Are You Kinder Than a Fifth Grader?

This topic was suggested to me by a friend who is currently working with teenagers.  Now I will concede that original audience is off my normal teaching radar by about ten years, but I think the issue should span every age range.

Here's the story...

As part of an assignment the students were asked to write down a list of ten interests.  Some boys in the class chose to use this opportunity to tease another student by commenting that his first five interests should be being gay.  The TEACHER then proceeded to laugh and say "number one could say guys, two could say guys, three could say guys...".

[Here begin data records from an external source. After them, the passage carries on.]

lemma monom_0 [simp]: "(monom 0 :: ('v, 'k::field) laurent) = 1"
  by (simp add: monom_def)

lemma keys_monom [simp]: "Poly_Mapping.keys (monom a :: ('v, 'k::field) laurent) = {a}"
  by (simp add: monom_def)

lemma monom_neq_0 [simp]: "(monom a :: ('v, 'k::field) laurent) \<noteq> 0"
  using keys_monom[of a] by (metis empty_not_insert keys_eq_empty)

lemma add_in_keys_mult_monom:
  assumes "\<mu> \<in> Poly_Mapping.keys (s :: ('v, 'k::field) laurent)"
  shows "\<mu> + \<nu> \<in> Poly_Mapping.keys (s * monom \<nu>)"
proof -
  have "s = (s * monom \<nu>) * monom (- \<nu>)"
    by (simp add: mult.assoc monom_mult)
  then have "\<mu> \<in> Poly_Mapping.keys ((s * monom \<nu>) * monom (- \<nu>))"
    using assms by simp
  then obtain \<mu>' \<beta> where "\<mu> = \<mu>' + \<beta>" "\<mu>' \<in> Poly_Mapping.keys (s * monom \<nu>)" "\<beta> = - \<nu>"
    using keys_mult[of "s * monom \<nu>" "monom (- \<nu>)"] by auto
  then show ?thesis by simp
qed

section \<open>Divisorial ideals of the monomial algebra of a lattice cone\<close>

lemma exists_large_multiple:
  fixes x y :: "'c \<Rightarrow> int"
  assumes "finite G" "\<forall>c\<in>G. 1 \<le> y c"
  shows "\<exists>t\<ge>0. \<forall>c\<in>G. a \<le> x c + t * y c"
proof (intro exI conjI ballI)
  let ?t = "(\<Sum>c\<in>G. \<bar>x c\<bar>) + \<bar>a\<bar>"
  show "0 \<le> ?t" by (simp add: sum_nonneg)
  fix c assume c: "c \<in> G"
  have "\<bar>x c\<bar> \<le> (\<Sum>c\<in>G. \<bar>x c\<bar>)"
    using member_le_sum[OF c _ assms(1), of "\<lambda>c. \<bar>x c\<bar>"] by simp
  moreover have "?t \<le> ?t * y c"
    using mult_left_mono[of 1 "y c" ?t] assms(2) c \<open>0 \<le> ?t\<close> by (simp only: mult_1_right)
  ultimately show "a \<le> x c + ?t * y c" by linarith
qed

lemma mem_frac_monom_sums_of_products:
  assumes "mem_frac (monom \<mu> :: ('v, 'k::field) laurent) I" "mem_frac (monom \<nu>) J"
  shows "mem_frac (monom (\<mu> + \<nu>)) (sums_of_products I J)"
proof -
  obtain x y where x: "x \<in> I" "fst x = monom \<mu> * snd x" and y: "y \<in> J" "fst y = monom \<nu> * snd y"
    using assms by (auto simp: mem_frac_def)
  have "fadd (0, 1) (fmul x y) \<in> sums_of_products I J"
    using x(1) y(1) by (intro sums_of_products.intros)
  moreover have "fst (fadd (0, 1) (fmul x y)) = monom (\<mu> + \<nu>) * snd (fadd (0, 1) (fmul x y))"
    using x(2) y(2) by (simp add: fadd_def fmul_def monom_mult[symmetric] ac_simps)
  ultimately show ?thesis
    unfolding mem_frac_def by blast
qed

locale integral_linear_forms =
  fixes F :: "'c set" and \<sigma> :: "'c \<Rightarrow> ('v::finite option \<Rightarrow> int) \<Rightarrow> int"
  assumes finite_forms: "finite F"
    and linear_form: "\<sigma> c (\<lambda>x. s * \<mu> x + t * \<nu> x) = s * \<sigma> c \<mu> + t * \<sigma> c \<nu>"
begin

This serves as an extreme example of something that I'm sure happens far too often.  What happens when it isn't only the children that require the emotional education?  How do we, as teachers, deal with these kinds of situations when we see them happening?  We might consider it our job to step in when it comes to students, but what about the adults around us?  Not all situations are this clear cut, where I would probably just say go to a supervisor.  But whether we like it or not, as teachers, our opinions will find their ways into our classrooms.  And like it or not, the opinions of all the teachers around us won't always match our own.  Often times teachers can sound as ignorant as the students they are meant to be mentoring.

Through my own journey from student to teacher I hate to say that I've all too often felt small pieces of my soul lost in similar moments of helplessness.  It's not our place, not our class, not our student, not our problem.  I could probably go on for hours about how far this problem can stretch.  Love is a battlefield and so is teaching.  For every child we fight to teach emotional awareness, there are a thousand factors working against us, and to find those oppositional forces on what we thought was our own side can be heartbreaking.  I have no solution, I don't believe anyone does.  Just faith to fight the good fight.  By promoting emotional education we can only hope that we are in some small way preventing our students from someday causing the heartbreak.